Не знаю, как влияет на нервную систему дамоклов меч, но непилёное толстое бревно не за грош губит нервные клетки миллиардами.
18
После месячного перерыва нашёл в цеху много перемен.
Нет, в домино утром играли по–прежнему, так же дымили в курилке, но стеклянные стенки проходов и двери, ведущие на участок, были разрисованы кружками, квадратами, стрелками и компасами, показывающими север–юг.
«Не могли термометры нарисовать ", – расстроился я.
Из объяснений Степана Степановича понял, что Большой, не разобрав открыта или закрыта дверь, вышел с участка.
Дверь оказалась закрытой.
Когда меняли остатки стекла, Кац и приказал нанести опознавательные знаки.
«За себя боится!» – шутили злые языки и в чём‑то были правы.
Злосчастная судьба всё‑таки настигла начальника цеха, но с другой стороны – он сломал или сильно подвернул ногу и лежал в больнице.

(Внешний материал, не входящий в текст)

lemma pow_mat_scalar_nonzero:
  fixes M :: "complex mat"
  assumes "invertible_mat M" "M \<in> carrier_mat n n" "n > 0" "M ^\<^sub>m k = c \<cdot>\<^sub>m 1\<^sub>m n"
  shows "c \<noteq> 0"
proof
  assume "c = 0"
  then have "M ^\<^sub>m k *\<^sub>v unit_vec n 0 = 0\<^sub>v n" unfolding assms(4) by (auto simp: vec_eq_iff)
  then show False using invertible_pow_mat_kernel[OF assms(1,2) unit_vec_carrier] unit_vec_nonzero[OF assms(3)] by blast
qed

lemma scalar_mat_if_conjugate:
  fixes P :: "'a :: comm_ring_1 mat"
  assumes P: "P \<in> carrier_mat n n" "invertible_mat P" and A: "A \<in> carrier_mat n n"
    and PA: "P * A = (c \<cdot>\<^sub>m 1\<^sub>m n) * P"
  shows "A = c \<cdot>\<^sub>m 1\<^sub>m n"
proof -
  obtain B where B: "B \<in> carrier_mat n n" "B * P = 1\<^sub>m n" using invertible_matE[OF P(2,1)] by metis
  have "A = (B * P) * A" using A B by simp
  also have "\<dots> = B * (P * A)" by (rule assoc_mult_mat[OF B(1) P(1) A])
  also have "\<dots> = B * (c \<cdot>\<^sub>m P)" unfolding PA using P by (simp add: mult_smult_assoc_mat[of "1\<^sub>m n" n n P n])
  also have "\<dots> = c \<cdot>\<^sub>m (B * P)" by (rule mult_smult_distrib[OF B(1) P(1)])
  finally show ?thesis using B by simp
qed

lemma conjugate_scalar_mats_eq:
  fixes P :: "complex mat"
  assumes "n > 0" "P \<in> carrier_mat n n" "invertible_mat P" "P * (c \<cdot>\<^sub>m 1\<^sub>m n) = (d \<cdot>\<^sub>m 1\<^sub>m n) * P"
  shows "c = d"
  using scalar_mat_if_conjugate[OF assms(2,3) _ assms(4)] smult_one_mat_inj[OF assms(1)] by simp

subsection \<open>Dimension via the trace\<close>

definition trace_mat :: "'a :: comm_semiring_0 mat \<Rightarrow> 'a" where
  "trace_mat A = (\<Sum>i<dim_row A. A $$ (i, i))"

lemma trace_mat_mult_commute:
  fixes A :: "'a :: comm_semiring_0 mat"
  assumes "A \<in> carrier_mat n m" "B \<in> carrier_mat m n"
  shows "trace_mat (A * B) = trace_mat (B * A)"
proof -
  have "trace_mat (A * B) = (\<Sum>i<n. (A * B) $$ (i, i))"
    using assms by (simp add: trace_mat_def)
  also have "\<dots> = (\<Sum>i<n. \<Sum>l<m. A $$ (i, l) * B $$ (l, i))"
    using index_mult_mat_sum[OF assms] by simp
  also have "\<dots> = (\<Sum>l<m. \<Sum>i<n. B $$ (l, i) * A $$ (i, l))"
    by (subst sum.swap) (simp add: mult.commute)
  also have "\<dots> = (\<Sum>l<m. (B * A) $$ (l, l))"
    using index_mult_mat_sum[OF assms(2,1)] by simp
  also have "\<dots> = trace_mat (B * A)"
    using assms by (simp add: trace_mat_def)
  finally show ?thesis .
qed

lemma trace_one_mat [simp]: "trace_mat (1\<^sub>m n :: 'a :: comm_semiring_1 mat) = of_nat n"
  by (simp add: trace_mat_def)

lemma dim_eq_if_mutually_inverse:
  fixes Q :: "'a :: {comm_semiring_1, semiring_char_0} mat"
  assumes "Q \<in> carrier_mat n m" "R \<in> carrier_mat m n" "Q * R = 1\<^sub>m n" "R * Q = 1\<^sub>m m"
  shows "n = m"
  using trace_mat_mult_commute[OF assms(1,2)] assms(3,4) by simp

lemma right_inverse_if_surjective:
  fixes Q :: "'a :: semiring_1 mat"
  assumes Q: "Q \<in> carrier_mat n m" and surj: "\<And>w. w \<in> carrier_vec n \<Longrightarrow> \<exists>x\<in>carrier_vec m. Q *\<^sub>v x = w"
  obtains R where "R \<in> carrier_mat m n" "Q * R = 1\<^sub>m n"
proof -
  define X where "X i = (SOME x. x \<in> carrier_vec m \<and> Q *\<^sub>v x = unit_vec n i)" for i
  have X: "X i \<in> carrier_vec m \<and> Q *\<^sub>v X i = unit_vec n i" for i
  proof -
    have "\<exists>x. x \<in> carrier_vec m \<and> Q *\<^sub>v x = unit_vec n i" using surj[OF unit_vec_carrier] by blast
    then show ?thesis unfolding X_def by (rule someI_ex)
  qed
  define R where "R = mat m n (\<lambda>(k, i). X i $ k)"
  have R: "R \<in> carrier_mat m n" by (simp add: R_def)
  have colR: "col R i = X i" if "i < n" for i
    using X[of i] that by (auto simp: R_def vec_eq_iff)
  have "Q * R = 1\<^sub>m n"
  proof (rule eq_matI)
    fix i j assume "i < dim_row (1\<^sub>m n :: 'a mat)" "j < dim_col (1\<^sub>m n :: 'a mat)"
    then have i: "i < n" and j: "j < n" by auto
    have "(Q * R) $$ (i, j) = col (Q * R) j $ i" using Q R i j by simp
    also have "\<dots> = (Q *\<^sub>v X j) $ i" using col_mult2[OF Q R j] colR[OF j] by simp
    finally show "(Q * R) $$ (i, j) = 1\<^sub>m n $$ (i, j)" using X[of j] i j by simp
  qed (use Q R in auto)
  then show ?thesis using that R by blast
qed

Об этом происшествии слухи ходили самые разноречивые, хотя точно пока никто не знал.
Некоторые уверяли, а Гондурас даже видел собственными глазами, как Каца переехала электричка, отрезав ноги до самых… живота, в общем.

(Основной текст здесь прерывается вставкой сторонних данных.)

(* There exists $c>0$ such that the following holds. Let $t\geq 2$ be an integer and let $\omega:2^{[t]}\to\mathbb{R}_{\geq 0}$ be a balanced weight function with $\omega(2^{[t]})\geq 9/10$. Then either (i) $\omega(\emptyset)\geq 1/10$ and $\omega([t])\geq 1/10$, or (ii) there exist a positive integer $s$ and pairwise disjoint families $\mathcal{A}_1,\dots,\mathcal{A}_s\subset 2^{[t]}$ such that $\sum_{i=1}^s\omega(\mathcal{A}_i)^c\geq 1$, and for all $1\leq i<j\leq s$, every $A\in\mathcal{A}_i$ is incomparable (with respect to inclusion) to every $B\in\mathcal{A}_j$.
   Context: $2^{[t]}$ is the family of all subsets of $[t]=\{1,\dots,t\}$, ordered by inclusion. For a weight function $\omega:2^{[t]}\to\mathbb{R}_{\geq0}$ and $\mathcal{A}\subset 2^{[t]}$, $\omega(\mathcal{A})=\sum_{A\in\mathcal{A}}\omega(A)$. For $i\in[t]$ let $F^-_t(i)=\{A\subset[t]: i\notin A\}$ and $F^+_t(i)=\{A\subset[t]: i\in A\}$. $\omega$ is balanced if $\omega(F^-_t(i))\leq 1/2$ and $\omega(F^+_t(i))\leq 1/2$ for every $i\in[t]$. *)

theory Defs
  imports Complex_Main
begin

definition wt :: "(nat set \<Rightarrow> real) \<Rightarrow> nat set set \<Rightarrow> real" where
  "wt \<omega> \<A> = (\<Sum>A\<in>\<A>. \<omega> A)"

definition Fminus :: "nat \<Rightarrow> nat \<Rightarrow> nat set set" where
  "Fminus t i = {A. A \<subseteq> {1..t} \<and> i \<notin> A}"

definition Fplus :: "nat \<Rightarrow> nat \<Rightarrow> nat set set" where
  "Fplus t i = {A. A \<subseteq> {1..t} \<and> i \<in> A}"

definition balanced :: "nat \<Rightarrow> (nat set \<Rightarrow> real) \<Rightarrow> bool" where
  "balanced t \<omega> \<longleftrightarrow> (\<forall>i\<in>{1..t}. wt \<omega> (Fminus t i) \<le> 1/2 \<and> wt \<omega> (Fplus t i) \<le> 1/2)"

end

theory Submission
  imports Defs
begin

text \<open>Call a nonempty \<open>M \<subseteq> [t]\<close> deficient if the weight of the sets avoiding \<open>M\<close>,
  or of the sets containing \<open>M\<close>, is below the threshold \<open>\<theta>(|M|) = 1/10 + 3/(10|M|)\<close>.
  Balance makes every singleton non-deficient, while \<open>[t]\<close> itself is deficient unless
  alternative (i) holds. Take a deficient \<open>M\<close> of minimum size \<open>m \<ge> 2\<close>, say with the
  avoiding weight too small. For \<open>x \<in> M\<close> the sets avoiding \<open>M - {x}\<close> are those avoiding
  \<open>M\<close> plus those meeting \<open>M\<close> exactly in \<open>{x}\<close>; since \<open>M - {x}\<close> is not deficient,
  the latter family has weight at least \<open>\<theta>(m-1) - \<theta>(m) \<ge> m\<^sup>-\<^sup>4\<close>. These \<open>m\<close>
  families are mutually incomparable, and the sum of the fourth roots of their weights is
  at least \<open>1\<close>. The containing case is symmetric, with the traces \<open>M - {x}\<close> in place
  of \<open>{x}\<close>.\<close>

definition with_trace :: "'a set \<Rightarrow> 'a set \<Rightarrow> 'a set \<Rightarrow> 'a set set" where
  "with_trace T M Q = {A \<in> Pow T. A \<inter> M = Q}"

definition threshold :: "nat \<Rightarrow> real" where
  "threshold k = 1/10 + 3 / (10 * real k)"

definition deficient :: "nat \<Rightarrow> (nat set \<Rightarrow> real) \<Rightarrow> nat set \<Rightarrow> bool" where
  "deficient t \<omega> M \<longleftrightarrow> M \<subseteq> {1..t} \<and> M \<noteq> {} \<and>
     (wt \<omega> (with_trace {1..t} M {}) < threshold (card M) \<or>
      wt \<omega> (with_trace {1..t} M M) < threshold (card M))"

definition incomparable_families :: "nat \<Rightarrow> (nat set \<Rightarrow> real) \<Rightarrow> real \<Rightarrow> bool" where
  "incomparable_families t \<omega> c \<longleftrightarrow>
     (\<exists>(s::nat) (\<A>::nat \<Rightarrow> nat set set). s \<ge> 1 \<and>
        (\<forall>i\<in>{1..s}. \<A> i \<subseteq> Pow {1..t}) \<and>
        (\<forall>i\<in>{1..s}. \<forall>j\<in>{1..s}. i \<noteq> j \<longrightarrow> \<A> i \<inter> \<A> j = {}) \<and>
        (\<Sum>i=1..s. wt \<omega> (\<A> i) powr c) \<ge> 1 \<and>
        (\<forall>i\<in>{1..s}. \<forall>j\<in>{1..s}. i < j \<longrightarrow>
           (\<forall>A\<in>\<A> i. \<forall>B\<in>\<A> j. \<not> A \<subseteq> B \<and> \<not> B \<subseteq> A)))"

lemma wt_union_disjoint:
  "finite \<A> \<Longrightarrow> finite \<B> \<Longrightarrow> \<A> \<inter> \<B> = {} \<Longrightarrow> wt \<omega> (\<A> \<union> \<B>) = wt \<omega> \<A> + wt \<omega> \<B>"
  unfolding wt_def by (rule sum.union_disjoint)

lemma finite_with_trace: "finite T \<Longrightarrow> finite (with_trace T M Q)"
  unfolding with_trace_def by simp

lemma with_trace_disjoint: "Q \<noteq> Q' \<Longrightarrow> with_trace T M Q \<inter> with_trace T M Q' = {}"
  unfolding with_trace_def by auto

lemma with_trace_subset_imp_subset:
  "A \<in> with_trace T M Q \<Longrightarrow> B \<in> with_trace T M Q' \<Longrightarrow> A \<subseteq> B \<Longrightarrow> Q \<subseteq> Q'"
  unfolding with_trace_def by auto

lemma with_trace_remove:
  assumes "x \<notin> Q"
  shows "with_trace T (M - {x}) Q = with_trace T M Q \<union> with_trace T M (insert x Q)"
  using assms unfolding with_trace_def by auto

lemma wt_with_trace_remove:
  assumes "finite T" "x \<notin> Q"
  shows "wt \<omega> (with_trace T (M - {x}) Q) = wt \<omega> (with_trace T M Q) + wt \<omega> (with_trace T M (insert x Q))"
  unfolding with_trace_remove[OF assms(2)] using assms
  by (intro wt_union_disjoint finite_with_trace with_trace_disjoint) auto

lemma wt_singleton_traces_ge:
  assumes "balanced t \<omega>" "wt \<omega> (Pow {1..t}) \<ge> 9/10" "y \<in> {1..t}"
  shows "wt \<omega> (with_trace {1..t} {y} {}) \<ge> 2/5" "wt \<omega> (with_trace {1..t} {y} {y}) \<ge> 2/5"
proof -
  have minus: "with_trace {1..t} {y} {} = Fminus t y"
    and plus: "with_trace {1..t} {y} {y} = Fplus t y"
    unfolding with_trace_def Fminus_def Fplus_def by auto
  have "Pow {1..t} = with_trace {1..t} {y} {} \<union> with_trace {1..t} {y} {y}"
    unfolding with_trace_def by auto
  then have "wt \<omega> (Pow {1..t}) = wt \<omega> (with_trace {1..t} {y} {}) + wt \<omega> (with_trace {1..t} {y} {y})"
    by (simp add: wt_union_disjoint finite_with_trace with_trace_disjoint)
  moreover have "wt \<omega> (Fminus t y) \<le> 1/2" "wt \<omega> (Fplus t y) \<le> 1/2"
    using assms(1,3) unfolding balanced_def by auto
  ultimately show "wt \<omega> (with_trace {1..t} {y} {}) \<ge> 2/5" "wt \<omega> (with_trace {1..t} {y} {y}) \<ge> 2/5"
    using assms(2) unfolding minus plus by linarith+
qed

lemma le_powr_inverse_if_pow_le:
  fixes x w :: real
  assumes "x \<ge> 0" "n > 0" "x ^ n \<le> w"
  shows "x \<le> w powr (1 / n)"
proof -
  have "x = (x ^ n) powr (1 / n)"
  proof (cases "x = 0")
    case False
    then show ?thesis using assms(1,2) by (simp flip: powr_realpow add: powr_powr)
  qed (use assms(2) in simp)
  also have "\<dots> \<le> w powr (1 / n)"
    using assms by (intro powr_mono2) auto
  finally show ?thesis .
qed

lemma threshold_gap_ge:
  assumes "m \<ge> 2"
  shows "(1 / real m) ^ 4 \<le> threshold (m - 1) - threshold m"
proof -
  have m: "real m \<ge> 2" using assms by simp
  have gap: "threshold (m - 1) - threshold m = 3 / (10 * real m * (real m - 1))"
    using assms unfolding threshold_def by (simp add: of_nat_diff field_simps)
  have "10 * real m * (real m - 1) \<le> 3 * real m ^ 4"
  proof -
    have "10 * real m * (real m - 1) \<le> 10 * real m ^ 2" using m by (simp add: power2_eq_square algebra_simps)
    also have "\<dots> \<le> 3 * (4 * real m ^ 2)" by simp
    also have "\<dots> \<le> 3 * (real m ^ 2 * real m ^ 2)"
      using power_mono[OF m, of 2] by (intro mult_left_mono mult_right_mono) auto
    finally show ?thesis by (simp add: power_add [symmetric])
  qed
  moreover have "0 < 10 * real m * (real m - 1)" using m by simp
  ultimately show ?thesis unfolding gap power_divide by (simp add: divide_simps)
qed

lemma incomparable_families_if_trace_antichain:
  assumes "finite M" "M \<noteq> {}"
    and antichain: "\<And>x y. x \<in> M \<Longrightarrow> y \<in> M \<Longrightarrow> P x \<subseteq> P y \<Longrightarrow> x = y"
    and "(\<Sum>x\<in>M. wt \<omega> (with_trace {1..t} M (P x)) powr c) \<ge> 1"
  shows "incomparable_families t \<omega> c"
proof -
  obtain e where e: "bij_betw e {1..card M} M"
    using ex_bij_betw_nat_finite_1[OF \<open>finite M\<close>] by blast
  have e_in: "e i \<in> M" if "i \<in> {1..card M}" for i
    using e that by (auto simp: bij_betw_def)
  have not_subset: "\<not> P (e i) \<subseteq> P (e j)"
    if "i \<in> {1..card M}" "j \<in> {1..card M}" "i \<noteq> j" for i j
    using antichain[OF e_in[OF that(1)] e_in[OF that(2)]] inj_onD[OF bij_betw_imp_inj_on[OF e]] that
    by blast
  define \<A> where "\<A> i = with_trace {1..t} M (P (e i))" for i
  have incomparable: "\<not> A \<subseteq> B"
    if "i \<in> {1..card M}" "j \<in> {1..card M}" "i \<noteq> j" "A \<in> \<A> i" "B \<in> \<A> j" for i j A B
    using with_trace_subset_imp_subset[OF that(4,5)[unfolded \<A>_def]] not_subset[OF that(1-3)]
    by blast
  have disjoint: "\<A> i \<inter> \<A> j = {}"
    if "i \<in> {1..card M}" "j \<in> {1..card M}" "i \<noteq> j" for i j
  proof -
    have "P (e i) \<noteq> P (e j)" using not_subset[OF that] by blast
    then show ?thesis unfolding \<A>_def by (rule with_trace_disjoint)
  qed
  have "(\<Sum>i=1..card M. wt \<omega> (\<A> i) powr c) = (\<Sum>x\<in>M. wt \<omega> (with_trace {1..t} M (P x)) powr c)"
    unfolding \<A>_def by (rule sum.reindex_bij_betw[OF e])
  then have "(\<Sum>i=1..card M. wt \<omega> (\<A> i) powr c) \<ge> 1" using assms(4) by simp
  moreover have "card M \<ge> 1" using assms(1,2) by (simp add: Suc_le_eq card_gt_0_iff)
  moreover have "\<A> i \<subseteq> Pow {1..t}" for i unfolding \<A>_def with_trace_def by blast
  ultimately show ?thesis
    unfolding incomparable_families_def
    by (intro exI[of _ "card M"] exI[of _ \<A>] conjI ballI impI disjoint incomparable) auto
qed

lemma incomparable_families_if_threshold_drop:
  assumes "finite M" "card M \<ge> 2"
    and antichain: "\<And>x y. x \<in> M \<Longrightarrow> y \<in> M \<Longrightarrow> P x \<subseteq> P y \<Longrightarrow> x = y"
    and drop: "\<And>x. x \<in> M \<Longrightarrow>
      threshold (card M - 1) - threshold (card M) \<le> wt \<omega> (with_trace {1..t} M (P x))"
  shows "incomparable_families t \<omega> (1/4)"
proof (rule incomparable_families_if_trace_antichain[OF assms(1) _ antichain])
  show "M \<noteq> {}" using assms(2) by auto
  have "1 / real (card M) \<le> wt \<omega> (with_trace {1..t} M (P x)) powr (1/4)" if "x \<in> M" for x
    using le_powr_inverse_if_pow_le[of "1 / real (card M)" 4] threshold_gap_ge[OF assms(2)] drop[OF that]
    by simp
  then have "(\<Sum>x\<in>M. 1 / real (card M)) \<le> (\<Sum>x\<in>M. wt \<omega> (with_trace {1..t} M (P x)) powr (1/4))"
    by (rule sum_mono)
  then show "(\<Sum>x\<in>M. wt \<omega> (with_trace {1..t} M (P x)) powr (1/4)) \<ge> 1"
    using assms(2) by simp
qed

lemma minimal_deficient_imp_incomparable_families:
  assumes "balanced t \<omega>" "wt \<omega> (Pow {1..t}) \<ge> 9/10" "deficient t \<omega> M"
    and minimal: "\<And>N. deficient t \<omega> N \<Longrightarrow> card M \<le> card N"
  shows "incomparable_families t \<omega> (1/4)"
proof -
  have M: "M \<subseteq> {1..t}" "M \<noteq> {}" "finite M"
    using assms(3) finite_subset unfolding deficient_def by auto
  have "card M \<noteq> 1"
  proof
    assume "card M = 1"
    then obtain y where "M = {y}" by (rule card_1_singletonE)
    moreover from this have "y \<in> {1..t}" using M(1) by simp
    ultimately show False
      using assms(3) wt_singleton_traces_ge[OF assms(1,2)] unfolding deficient_def threshold_def
      by force
  qed
  moreover have "card M \<noteq> 0" using M(2,3) by simp
  ultimately have m: "card M \<ge> 2" by linarith
  have punctured_ge: "threshold (card M - 1) \<le> wt \<omega> (with_trace {1..t} (M - {x}) {})"
    "threshold (card M - 1) \<le> wt \<omega> (with_trace {1..t} (M - {x}) (M - {x}))" if "x \<in> M" for x
  proof -
    have "\<not> deficient t \<omega> (M - {x})"
      using minimal[of "M - {x}"] card_Diff1_less[OF M(3) that] by linarith
    moreover have card: "card (M - {x}) = card M - 1" using M(3) that by simp
    moreover have "M - {x} \<noteq> {}"
    proof
      assume "M - {x} = {}"
      with card m show False by simp
    qed
    ultimately show "threshold (card M - 1) \<le> wt \<omega> (with_trace {1..t} (M - {x}) {})"
      "threshold (card M - 1) \<le> wt \<omega> (with_trace {1..t} (M - {x}) (M - {x}))"
      using M(1) unfolding deficient_def by auto
  qed
  from assms(3) consider
      "wt \<omega> (with_trace {1..t} M {}) < threshold (card M)"
    | "wt \<omega> (with_trace {1..t} M M) < threshold (card M)"
    unfolding deficient_def by blast
  then show ?thesis
  proof cases
    case 1
    show ?thesis
    proof (rule incomparable_families_if_threshold_drop[OF M(3) m, where P = "\<lambda>x. {x}"])
      fix x assume "x \<in> M"
      then show "threshold (card M - 1) - threshold (card M) \<le> wt \<omega> (with_trace {1..t} M {x})"
        using punctured_ge(1)[OF \<open>x \<in> M\<close>] wt_with_trace_remove[of "{1..t}" x "{}" \<omega> M] 1 by simp
    qed simp
  next
    case 2
    show ?thesis
    proof (rule incomparable_families_if_threshold_drop[OF M(3) m, where P = "\<lambda>x. M - {x}"])
      fix x assume "x \<in> M"
      then show "threshold (card M - 1) - threshold (card M) \<le> wt \<omega> (with_trace {1..t} M (M - {x}))"
        using punctured_ge(2)[OF \<open>x \<in> M\<close>] wt_with_trace_remove[of "{1..t}" x "M - {x}" \<omega> M] 2
        by (simp add: insert_absorb)
    qed blast
  qed
qed

lemma balanced_dichotomy:
  assumes "t \<ge> 1" "balanced t \<omega>" "wt \<omega> (Pow {1..t}) \<ge> 9/10"
  shows "(\<omega> {} \<ge> 1/10 \<and> \<omega> {1..t} \<ge> 1/10) \<or> incomparable_families t \<omega> (1/4)"
proof (cases "\<omega> {} \<ge> 1/10 \<and> \<omega> {1..t} \<ge> 1/10")
  case False
  moreover have "with_trace {1..t} {1..t} {} = {{}}" "with_trace {1..t} {1..t} {1..t} = {{1..t}}"
    unfolding with_trace_def by auto
  moreover have "threshold t \<ge> 1/10" unfolding threshold_def by simp
  ultimately have "deficient t \<omega> {1..t}"
    using assms(1) unfolding deficient_def by (auto simp: wt_def)
  then obtain M where "deficient t \<omega> M" "\<And>N. deficient t \<omega> N \<Longrightarrow> card M \<le> card N"
    using ex_has_least_nat[of "deficient t \<omega>" _ card] by metis
  then show ?thesis
    using minimal_deficient_imp_incomparable_families assms(2,3) by blast
qed simp

theorem lemma4p2:
  "\<exists>c::real. c > 0 \<and>
    (\<forall>(t::nat) (\<omega>::nat set \<Rightarrow> real).
      t \<ge> 2 \<longrightarrow> (\<forall>A\<in>Pow {1..t}. \<omega> A \<ge> 0) \<longrightarrow> balanced t \<omega> \<longrightarrow>
      wt \<omega> (Pow {1..t}) \<ge> 9/10 \<longrightarrow>
      ((\<omega> {} \<ge> 1/10 \<and> \<omega> {1..t} \<ge> 1/10) \<or>
       (\<exists>(s::nat) (\<A>::nat \<Rightarrow> nat set set). s \<ge> 1 \<and>
          (\<forall>i\<in>{1..s}. \<A> i \<subseteq> Pow {1..t}) \<and>
          (\<forall>i\<in>{1..s}. \<forall>j\<in>{1..s}. i \<noteq> j \<longrightarrow> \<A> i \<inter> \<A> j = {}) \<and>
          (\<Sum>i=1..s. wt \<omega> (\<A> i) powr c) \<ge> 1 \<and>
          (\<forall>i\<in>{1..s}. \<forall>j\<in>{1..s}. i < j \<longrightarrow>
             (\<forall>A\<in>\<A> i. \<forall>B\<in>\<A> j. \<not> A \<subseteq> B \<and> \<not> B \<subseteq> A)))))"
proof (rule exI[of _ "1/4"], fold incomparable_families_def, intro conjI allI impI)
  fix t :: nat and \<omega> :: "nat set \<Rightarrow> real"
  assume "t \<ge> 2" "\<forall>A\<in>Pow {1..t}. \<omega> A \<ge> 0" "balanced t \<omega>" "wt \<omega> (Pow {1..t}) \<ge> 9/10"
  then show "(\<omega> {} \<ge> 1/10 \<and> \<omega> {1..t} \<ge> 1/10) \<or> incomparable_families t \<omega> (1/4)"
    by (intro balanced_dichotomy) auto
qed simp

end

Семён Васильевич чётко показывал ребром ладони это место на себе. Однако кладовщица по спирту поднимала его утверждение на смех, и все мужики, приходившие поздравить её с праздником, разумеется, поддерживали спиртовую давалку.
В конце концов, поняв, как глубоко он ошибался, пришёл покаяться и Гондурас.
— Обознался, с кем не бывает? – облизывался, поглядывая на сейф.
Тамара жила недалёко от дома Каца, стоявшего на возвышенности и поздним вечером, по её словам, заметила из окна два странных силуэта, шествующих в гору, – огромный и толстый – впереди, он маятником качался из стороны в сторону и заваливался назад, но сзади его поддерживал руками и головой силуэт поменьше.
— Первый принадлежал Кацу, второй Куцеву, – перейдя на шёпот, сообщила она обступившим её слушателям. – Затем огромный сильно накренился и опрокинулся на маленький, подмяв его под себя, я даже услышала писк – тут уж явно не обошлось без преувеличения, – минут пять они не шевелились, – закатывая глаза, рассказывала кладовщица, – затем маленький выкарабкался и, как в военных фильмах, стал тянуть большого за воротник пальто.
Я утром ходила смотреть след – это что‑то ужасное… Снег они соскребли до асфальта, и асфальт блестел, как натёртый паркет…
— Точнее, как у кота яйца! – вставил Чебышев.
–… Затем подошли какие‑то люди и затащили его в дом, – не обратила внимание на поэтическое сравнение рассказчица, – больше он не вставал, значит, нога сломана, – победно закончила кладовщица, шлёпая себя ладонью по ляжке.